Ezekiel 16:5

5 No eye hath had pity on thee, to do to thee any of these, To have compassion on thee, And thou art cast on the face of the field, With loathing of thy person. In the day thou hast been born -- thou!

Ezekiel 16:5 Meaning and Commentary

Ezekiel 16:5

None eye pitied thee, to do any of these unto thee, to have
compassion upon thee
Or, "one of these" F11; not so much as one of them: sad must be the case of an infant, when it meets with no tender heart or kind hand from midwife, nurse, or mother, to do these things for it: this is expressive of the helpless, forlorn, and unpitied state of the Israelites in Egypt; who, when their lives were made bitter with hard bondage, had no mercy shown them by Pharaoh and his taskmasters, ( Exodus 1:14 ) ( Exodus 5:9 Exodus 5:14 Exodus 5:17 ) . So the Targum,

``the eye of Pharaoh did not spare you to do one good thing for you, to give you rest from your bondage, to have mercy on you:''
but thou wast cast out in the open field;
alluding to infants exposed by their unnatural parents, or unkind nurses, and left in an open field, or any desert place, to perish for want, unless some kind providence appears for them: this open field may design the land of Egypt, whither Jacob and his posterity were, being driven out of Canaan by a famine; and where, after the death of Joseph, they were exposed to the hardships and cruelties of the Egyptians; and who, commanding their male children to be slain, doubtless occasioned the exposing of many of them, as well as Moses, to which some reference may be had; and so the Targum paraphrases it,
``and he (Pharaoh) decreed a full decree to cast your male children into the river, to destroy you when you were in Egypt:''
to the loathing of thy person, in the day that thou wast born;
the Israelites were loathsome to the Egyptians, as every shepherd was an abomination to them, and such were they, ( Genesis 46:34 ) ; and all this may be applied to the state and condition of men by nature, even of God's elect, whose extraction is from fallen man; descend immediately from unclean parents; are conceived in sin, and shapen in iniquity; can have no communication of grace from their parents, or others; by whom they cannot be washed from their sins, or sanctified, or clothed, or made righteous; but are in a hopeless and helpless condition; and are loathsome and abominable to God, and to themselves too, when they come to see the state they are in.
FOOTNOTES:

F11 (hlam txa) "unum ex istis", Junius & Tremellius, Piscator, Polanus; "unum ex his", Pagninus, Montanus, Starckius.

Ezekiel 16:5 In-Context

3 Thus said the Lord Jehovah to Jerusalem: Thy birth and thy nativity [Are] of the land of the Canaanite, Thy father the Amorite, and thy mother a Hittite.
4 As to thy nativity, in the day thou wast born, Thou -- thy navel hath not been cut, And in water thou wast not washed for ease, And thou hast not been salted at all, And thou hast not been swaddled at all.
5 No eye hath had pity on thee, to do to thee any of these, To have compassion on thee, And thou art cast on the face of the field, With loathing of thy person.
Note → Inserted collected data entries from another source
(* There is an absolute constant $d$ such that for every finite simple digraph $H$, every positive integer $k$, and every tournament $T$ that does not contain $k$ pairwise vertex-disjoint topological minor copies of $H$, we have $\mathrm{pw}(T)\le d\,\|H\|\,k$.
   Context: All digraphs are finite and simple; $\|H\|:=|V(H)|+|A(H)|$. A tournament is a simple digraph with exactly one arc between every pair of distinct vertices. A topological minor copy of $H$ in $T$ is a subgraph $\widehat H$ of $T$ together with a map sending vertices of $H$ to distinct vertices of $\widehat H$ and arcs $(u,v)$ of $H$ to directed paths from the image of $u$ to the image of $v$ that are internally vertex-disjoint, avoid images of vertices of $H$ in their interiors, and together cover all arcs and all non-image vertices of $\widehat H$ exactly once. An interval decomposition of a tournament $T$ is a map $I$ assigning to each vertex a nonempty closed interval $[\alpha,\beta]$ with integer endpoints, such that whenever $\max I(u)<\min I(v)$, the arc between $u$ and $v$ is $(u,v)$. Its width is $\max_{\alpha\in\mathbb{Z}}|\{v: \alpha\in I(v)\}|$, and the pathwidth $\mathrm{pw}(T)$ is the minimum width of an interval decomposition of $T$. *)

theory Defs
  imports Complex_Main
begin

definition simple_digraph :: "'a set \<Rightarrow> ('a \<times> 'a) set \<Rightarrow> bool" where
  "simple_digraph V A \<longleftrightarrow> finite V \<and> A \<subseteq> V \<times> V \<and> (\<forall>x. (x, x) \<notin> A)"

definition tournament :: "'a set \<Rightarrow> ('a \<times> 'a) set \<Rightarrow> bool" where
  "tournament V A \<longleftrightarrow> simple_digraph V A \<and>
     (\<forall>x\<in>V. \<forall>y\<in>V. x \<noteq> y \<longrightarrow> ((x, y) \<in> A \<longleftrightarrow> (y, x) \<notin> A))"

definition dipath :: "('a \<times> 'a) set \<Rightarrow> 'a list \<Rightarrow> bool" where
  "dipath A p \<longleftrightarrow> distinct p \<and> 2 \<le> length p \<and>
     (\<forall>i. Suc i < length p \<longrightarrow> (p ! i, p ! Suc i) \<in> A)"

definition interior :: "'a list \<Rightarrow> 'a set" where
  "interior p = set (butlast (tl p))"

definition top_minor_copy ::
  "'b set \<Rightarrow> ('b \<times> 'b) set \<Rightarrow> 'a set \<Rightarrow> ('a \<times> 'a) set \<Rightarrow> ('b \<Rightarrow> 'a) \<Rightarrow> ('b \<times> 'b \<Rightarrow> 'a list) \<Rightarrow> bool" where
  "top_minor_copy VH AH V A f P \<longleftrightarrow>
     inj_on f VH \<and> f ` VH \<subseteq> V \<and>
     (\<forall>e\<in>AH. dipath A (P e) \<and> set (P e) \<subseteq> V \<and>
        hd (P e) = f (fst e) \<and> last (P e) = f (snd e) \<and> interior (P e) \<inter> f ` VH = {}) \<and>
     (\<forall>e\<in>AH. \<forall>e'\<in>AH. e \<noteq> e' \<longrightarrow> interior (P e) \<inter> interior (P e') = {})"

definition copy_verts :: "'b set \<Rightarrow> ('b \<times> 'b) set \<Rightarrow> ('b \<Rightarrow> 'a) \<Rightarrow> ('b \<times> 'b \<Rightarrow> 'a list) \<Rightarrow> 'a set" where
  "copy_verts VH AH f P = f ` VH \<union> (\<Union>e\<in>AH. set (P e))"

definition has_k_disjoint_copies ::
  "'b set \<Rightarrow> ('b \<times> 'b) set \<Rightarrow> nat \<Rightarrow> 'a set \<Rightarrow> ('a \<times> 'a) set \<Rightarrow> bool" where
  "has_k_disjoint_copies VH AH k V A \<longleftrightarrow>
     (\<exists>(f :: nat \<Rightarrow> 'b \<Rightarrow> 'a) (P :: nat \<Rightarrow> 'b \<times> 'b \<Rightarrow> 'a list).
        (\<forall>i<k. top_minor_copy VH AH V A (f i) (P i)) \<and>
        (\<forall>i<k. \<forall>j<k. i \<noteq> j \<longrightarrow> copy_verts VH AH (f i) (P i) \<inter> copy_verts VH AH (f j) (P j) = {}))"

text \<open>Interval decompositions: I v = (alpha, beta) encodes the closed integer interval.\<close>
definition interval_decomp :: "'a set \<Rightarrow> ('a \<times> 'a) set \<Rightarrow> ('a \<Rightarrow> int \<times> int) \<Rightarrow> bool" where
  "interval_decomp V A I \<longleftrightarrow>
     (\<forall>v\<in>V. fst (I v) \<le> snd (I v)) \<and>
     (\<forall>u\<in>V. \<forall>v\<in>V. snd (I u) < fst (I v) \<longrightarrow> (u, v) \<in> A)"

definition decomp_width :: "'a set \<Rightarrow> ('a \<Rightarrow> int \<times> int) \<Rightarrow> nat" where
  "decomp_width V I = Max ((\<lambda>\<alpha>. card {v\<in>V. fst (I v) \<le> \<alpha> \<and> \<alpha> \<le> snd (I v)}) ` UNIV)"

definition pathwidth :: "'a set \<Rightarrow> ('a \<times> 'a) set \<Rightarrow> nat" where
  "pathwidth V A = Min {decomp_width V I | I. interval_decomp V A I}"

end

theory Submission
  imports Defs
begin

text \<open>
  Call a vertex set J of a tournament N-linked if any two of its vertices are joined by a path
  with at most three interior vertices avoiding any N given vertices. Such paths can be routed
  greedily, so a linked set with k|V(H)| vertices, N = 3k\<parallel>H\<parallel>, carries k disjoint
  topological minor copies of H. Without such copies, linked sets have fewer than N vertices,
  and hence so do two kinds of linked sets: vertices whose scores lie in a short window, and
  the heads of a matching of arcs that raise the score by much.

  For a threshold \<sigma>, pick a vertex set cut \<sigma> of minimum cost, where the cost counts the
  vertices entered by an arc from outside, the vertices of score below \<sigma> inside, and the
  vertices of score at least \<sigma> outside. A maximal matching of the arcs crossing \<sigma> upwards
  is either large, which yields a large linked set, or its O(N) vertices give a cheap
  competitor; so every optimal cost is O(N). By uncrossing, the optimal cuts are nested, and
  letting each vertex live from its own level down to the lowest level of its in-neighbours
  gives an interval decomposition whose bags are covered by two cut costs and one score class.
\<close>

lemma card_uncross_le:
  assumes "finite Y1" and "finite Y2"
    and "X1 \<inter> X2 \<subseteq> Y1 \<inter> Y2" and "X1 \<union> X2 \<subseteq> Y1 \<union> Y2"
  shows "card X1 + card X2 \<le> card Y1 + card Y2"
proof -
  have "finite (X1 \<union> X2)"
    by (rule finite_subset[OF assms(4)]) (use assms(1,2) in simp)
  then have "finite X1" "finite X2"
    by simp_all
  then have "card X1 + card X2 = card (X1 \<union> X2) + card (X1 \<inter> X2)"
    by (rule card_Un_Int)
  also have "\<dots> \<le> card (Y1 \<union> Y2) + card (Y1 \<inter> Y2)"
    using assms by (intro add_mono card_mono) auto
  also have "\<dots> = card Y1 + card Y2"
    by (rule card_Un_Int[OF assms(1,2), symmetric])
  finally show ?thesis .
qed

lemma pathwidth_le:
  assumes "finite V" and "interval_decomp V A I"
    and "\<And>\<alpha>. card {v\<in>V. fst (I v) \<le> \<alpha> \<and> \<alpha> \<le> snd (I v)} \<le> b"
  shows "pathwidth V A \<le> b"
proof -
  have width_le: "decomp_width V J \<le> c"
    if "\<And>\<alpha>. card {v\<in>V. fst (J v) \<le> \<alpha> \<and> \<alpha> \<le> snd (J v)} \<le> c"
    for J :: "'a \<Rightarrow> int \<times> int" and c
  proof -
    have "range (\<lambda>\<alpha>. card {v\<in>V. fst (J v) \<le> \<alpha> \<and> \<alpha> \<le> snd (J v)}) \<subseteq> {..card V}"
      using assms(1) by (auto intro: card_mono)
    then have "finite (range (\<lambda>\<alpha>. card {v\<in>V. fst (J v) \<le> \<alpha> \<and> \<alpha> \<le> snd (J v)}))"
      using finite_subset by blast
    then show ?thesis
      unfolding decomp_width_def using that by (subst Max_le_iff) auto
  qed
  have "decomp_width V J \<le> card V" for J
    using assms(1) by (intro width_le card_mono) auto
  then have "{decomp_width V J | J. interval_decomp V A J} \<subseteq> {..card V}"
    by auto
  then have "finite {decomp_width V J | J. interval_decomp V A J}"
    using finite_subset by blast
  then have "pathwidth V A \<le> decomp_width V I"
    unfolding pathwidth_def using assms(2) by (intro Min_le) auto
  also have "\<dots> \<le> b"
    by (rule width_le[OF assms(3)])
  finally show ?thesis .
qed

section \<open>Short paths and linked sets\<close>

lemma dipath_Cons_Cons:
  "dipath A (x # y # zs) \<longleftrightarrow> (x, y) \<in> A \<and> x \<notin> set (y # zs) \<and> (zs = [] \<or> dipath A (y # zs))"
proof -
  have "(\<forall>i. Suc i < length (x # y # zs) \<longrightarrow> ((x # y # zs) ! i, (x # y # zs) ! Suc i) \<in> A) \<longleftrightarrow>
        (x, y) \<in> A \<and> (\<forall>i. Suc i < length (y # zs) \<longrightarrow> ((y # zs) ! i, (y # zs) ! Suc i) \<in> A)"
    by (auto simp: All_less_Suc2)
  then show ?thesis
    by (cases zs) (auto simp: dipath_def)
qed

lemma dipath_set_subset: "A \<subseteq> V \<times> V \<Longrightarrow> dipath A p \<Longrightarrow> set p \<subseteq> V"
proof (induction p rule: induct_list012)
  case (3 x y zs)
  then have "(x, y) \<in> A" "zs = [] \<or> dipath A (y # zs)"
    by (simp_all add: dipath_Cons_Cons)
  with 3 show ?case
    by auto
qed (simp_all add: dipath_def)

lemma set_dipath: "dipath A p \<Longrightarrow> set p = {hd p, last p} \<union> interior p"
proof -
  assume "dipath A p"
  then obtain x q where "p = x # q" "q \<noteq> []"
    by (cases p) (auto simp: dipath_def Suc_le_length_iff)
  then show ?thesis
    by (cases q rule: rev_cases) (auto simp: interior_def)
qed

lemma interior_subset: "interior p \<subseteq> set p"
  by (cases p) (auto simp: interior_def dest: in_set_butlastD)

lemma card_interior_le: "card (interior p) \<le> length p - 2"
  unfolding interior_def using card_length[of "butlast (tl p)"] by simp

definition short_path :: "('a \<times> 'a) set \<Rightarrow> 'a set \<Rightarrow> 'a \<Rightarrow> 'a \<Rightarrow> 'a list \<Rightarrow> bool" where
  "short_path A U x y p \<longleftrightarrow>
     dipath A p \<and> hd p = x \<and> last p = y \<and> length p \<le> 5 \<and> interior p \<inter> U = {}"

definition linked :: "('a \<times> 'a) set \<Rightarrow> 'a set \<Rightarrow> nat \<Rightarrow> bool" where
  "linked A J N \<longleftrightarrow> (\<forall>x\<in>J. \<forall>y\<in>J. x \<noteq> y \<longrightarrow>
     (\<forall>U. finite U \<and> card U \<le> N \<longrightarrow> (\<exists>p. short_path A U x y p)))"

lemma card_interior_short_path: "short_path A U x y p \<Longrightarrow> card (interior p) \<le> 3"
  using card_interior_le[of p] unfolding short_path_def by linarith

text \<open>Each routed path has at most three interior vertices, which are added to the set to avoid.\<close>

lemma linked_route:
  assumes "linked A J N" and "finite D"
    and "\<And>d. d \<in> D \<Longrightarrow> src d \<in> J \<and> dst d \<in> J \<and> src d \<noteq> dst d"
    and "finite U" and "card U + 3 * card D \<le> N"
  shows "\<exists>ps. (\<forall>d\<in>D. short_path A U (src d) (dst d) (ps d)) \<and>
              (\<forall>d\<in>D. \<forall>d'\<in>D. d \<noteq> d' \<longrightarrow> interior (ps d) \<inter> interior (ps d') = {})"
  using assms(2-5)
proof (induction D rule: finite_induct)
  case empty
  show ?case by simp
next
  case (insert d D)
  then obtain ps where ps: "\<forall>d\<in>D. short_path A U (src d) (dst d) (ps d)"
    and ps_disj: "\<forall>d\<in>D. \<forall>d'\<in>D. d \<noteq> d' \<longrightarrow> interior (ps d) \<inter> interior (ps d') = {}"
    by auto
  define U' where "U' = U \<union> (\<Union>d'\<in>D. interior (ps d'))"
  have "card (\<Union>d'\<in>D. interior (ps d')) \<le> (\<Sum>d'\<in>D. card (interior (ps d')))"
    by (rule card_UN_le[OF insert.hyps(1)])
  also have "\<dots> \<le> (\<Sum>d'\<in>D. 3)"
    by (intro sum_mono) (meson ps card_interior_short_path)
  finally have "card U' \<le> N"
    using insert.hyps insert.prems(3) card_Un_le[of U "\<Union>d'\<in>D. interior (ps d')"]
    unfolding U'_def by simp
  moreover have "finite U'"
    using insert.hyps(1) \<open>finite U\<close> by (simp add: U'_def interior_def)
  ultimately obtain p where p: "short_path A U' (src d) (dst d) p"
    using assms(1) insert.prems(1) unfolding linked_def by blast
  have "short_path A U (src d') (dst d') ((ps(d := p)) d')" if "d' \<in> insert d D" for d'
    using that p ps insert.hyps(2) by (auto simp: short_path_def U'_def)
  moreover have "interior ((ps(d := p)) d') \<inter> interior ((ps(d := p)) d'') = {}"
    if "d' \<in> insert d D" "d'' \<in> insert d D" "d' \<noteq> d''" for d' d''
    using that p ps_disj insert.hyps(2) by (auto simp: short_path_def U'_def)
  ultimately show ?case
    by blast
qed

section \<open>Disjoint topological minor copies in linked sets\<close>

lemma top_minor_copy_if_linked:
  assumes H: "simple_digraph VH AH" and "linked A J N" and "A \<subseteq> V \<times> V" and "J \<subseteq> V"
    and "finite J" and "card VH \<le> card J" and "card VH + 3 * card AH \<le> N"
  shows "\<exists>f P. top_minor_copy VH AH V A f P"
proof -
  have "finite VH" and AH: "AH \<subseteq> VH \<times> VH" "\<And>x. (x, x) \<notin> AH"
    using H by (auto simp: simple_digraph_def)
  then have "finite AH"
    by (simp add: finite_subset)
  obtain f where f: "inj_on f VH" "f ` VH \<subseteq> J"
    using card_le_inj[OF \<open>finite VH\<close> \<open>finite J\<close> \<open>card VH \<le> card J\<close>] by blast
  have ends: "f (fst e) \<in> J \<and> f (snd e) \<in> J \<and> f (fst e) \<noteq> f (snd e)" if "e \<in> AH" for e
  proof -
    obtain a b where "e = (a, b)" "a \<in> VH" "b \<in> VH" "a \<noteq> b"
      using \<open>e \<in> AH\<close> AH by (cases e) auto
    then show ?thesis
      using f inj_on_eq_iff[OF f(1)] by auto
  qed
  have "card (f ` VH) + 3 * card AH \<le> N"
    using assms(7) card_image[OF f(1)] by simp
  then obtain P where P: "\<forall>e\<in>AH. short_path A (f ` VH) (f (fst e)) (f (snd e)) (P e)"
    and P_disj: "\<forall>e\<in>AH. \<forall>e'\<in>AH. e \<noteq> e' \<longrightarrow> interior (P e) \<inter> interior (P e') = {}"
    using linked_route[where src = "\<lambda>e. f (fst e)" and dst = "\<lambda>e. f (snd e)", OF assms(2)
        \<open>finite AH\<close> ends finite_imageI[OF \<open>finite VH\<close>]]
    by blast
  have "top_minor_copy VH AH V A f P"
    unfolding top_minor_copy_def
    using f assms(4) P P_disj dipath_set_subset[OF assms(3)] by (simp add: short_path_def)
  then show ?thesis
    by blast
qed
In the day thou hast been born -- thou!
6 And I do pass over by thee, And I see thee trodden down in thy blood, And I say to thee in thy blood, Live, And I say to thee in thy blood, Live.
7 A myriad -- as the shoot of the field I have made thee, And thou art multiplied, and art great, And comest in with an excellent adornment, Breasts have been formed, and thy hair hath grown -- And thou, naked and bare!
Young's Literal Translation is in the public domain.